I’ve been warned.

How after someone very close to you passes, where you’re first in mourning, then experiencing major grief, after a certain time period you suddenly begin to get a bit stronger, then you reach a low point. Then you’re okay again, then you’re not. Kind of like riding a wave. It’s happening. An ebb and a flow. High tide and low tide. I suppose lack of sleep and sometimes not eating properly doesn’t help the situation.
I know what I’m supposed to do. Just go with the flow and ride it out, hoping for the time when the memories will become pleasant instead of painful. Actually they’re not really painful because most are joyful, but it’s in the joyfulness of remembering what was good that brings on sadness if that makes sense. For me it’s the physical loss of the person who’s no longer here for himself, not just for me. It’s his loss even more so than mine. What hurts most is the person having lost the fight and having lost hope. It seems in the end you never really know the truth. Whether they came to terms and finally let go with acceptance. As for the rest of us, we have to continue to live our lives. That’s where I’m at.

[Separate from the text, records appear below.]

lemma mult_smult_mem_Inter_extension:
  assumes N: "\<And>n. submodule (N n) R M" "\<And>n. N (Suc n) \<subseteq> N n"
    and P: "submodule P R M" and x: "x \<in> carrier M"
    and N_sub: "N k \<subseteq> P <+>\<^bsub>M\<^esub> {r \<odot>\<^bsub>M\<^esub> x | r. r \<in> carrier R}"
    and y: "y \<in> N k" and a: "a \<in> carrier R" and b: "b \<in> carrier R"
    and a_colon: "\<forall>r\<in>submodule_colon R M (N k <+>\<^bsub>M\<^esub> P) {x}.
                    a \<otimes> r \<in> (\<Inter>n. submodule_colon R M (N n <+>\<^bsub>M\<^esub> P) {x})"
    and b_stat: "\<forall>z\<in>N k \<inter> P. b \<odot>\<^bsub>M\<^esub> z \<in> (\<Inter>n. N n \<inter> P)"
  shows "(b \<otimes> a) \<odot>\<^bsub>M\<^esub> y \<in> (\<Inter>n. N n)"
proof
  fix s
  define t where "t = max s k"
  obtain z y' where ay: "a \<odot>\<^bsub>M\<^esub> y = z \<oplus>\<^bsub>M\<^esub> y'" and z: "z \<in> N k \<inter> P" and y': "y' \<in> N t"
    using extension_decomposition[OF N P x N_sub y a, of t] a_colon by (auto simp: t_def)
  have carr: "y \<in> carrier M" "z \<in> carrier M" "y' \<in> carrier M"
    using y z y' submoduleE(1)[OF N(1)] by auto
  have "b \<odot>\<^bsub>M\<^esub> z \<in> N s"
    using b_stat z by blast
  moreover have "b \<odot>\<^bsub>M\<^esub> y' \<in> N s"
    using submoduleE(4)[OF N(1) b y'] lift_Suc_antimono_le[of N, OF N(2), of s t]
    by (auto simp: t_def)
  moreover have "(b \<otimes> a) \<odot>\<^bsub>M\<^esub> y = b \<odot>\<^bsub>M\<^esub> z \<oplus>\<^bsub>M\<^esub> b \<odot>\<^bsub>M\<^esub> y'"
    using a b carr by (simp add: smult_assoc1 ay smult_r_distr)
  ultimately show "(b \<otimes> a) \<odot>\<^bsub>M\<^esub> y \<in> N s"
    using submoduleE(5)[OF N(1)] by simp
qed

It may also have something to do with yesterday, sitting for hours finally clearing out a locker space filled to the brim with stuff I haven’t seen in many years. In an over-heated room no less. And sorting into 3 almost equal piles, suitcases and boxes filled with clothing, equipment, photos, etc. 1)keepers 2)salvation army 3)dumpster. And who keeps every single report card they ever had? It went into the “keeper” pile (just in case one day I want to remember how well (or not) I did in math in Grade 3). And re-discovering a photo album with amazing memories from Egypt & Israel then going home and turning on the news only to be shocked and saddened about the senseless killings in Egypt. Which puts everything into perspective.

So after a restless night of a little doggy waking me up 3 times to go out (at least she woke me; smart girl – better than the alternative) I have not been able to get back to sleep. And I couldn’t make up my mind what to eat for dinner and didn’t feel like cooking or even seeing anyone. So I ended up going to my favorite cheese shop and getting the grab-bag (they choose for you), then my favorite pastry shop and getting a fresh baked baguette (white bread, no less), and a little pumpkin pie and on the way home stopping at yet another local place for homemade cookies. I chose 3 kinds – heart shaped jam filled, chocolate/marzipan + coconut macaroon. I don’t feel too guilty cause due to no effort of my own I lost 6 lbs. without even trying. Although for health reasons I don’t intend to make a habit out of this. So if I gain 3 back tonight so what.
On my way home, feeling like I could use a little therapy, I stopped by the local wine shop for a sampling of a wine called “therapy”. After 4 sips (from 4 different bottles) I could already feel it. No more for me.
I realize this is a “self-care” post. So I don’t know if my message is clear or if I even have a message. If there is one, it’s just that sometimes you just have to give in to what is and not question why. Sometimes self-care is doing what feels right, right at the moment.
After all, tomorrow is another day, godammit.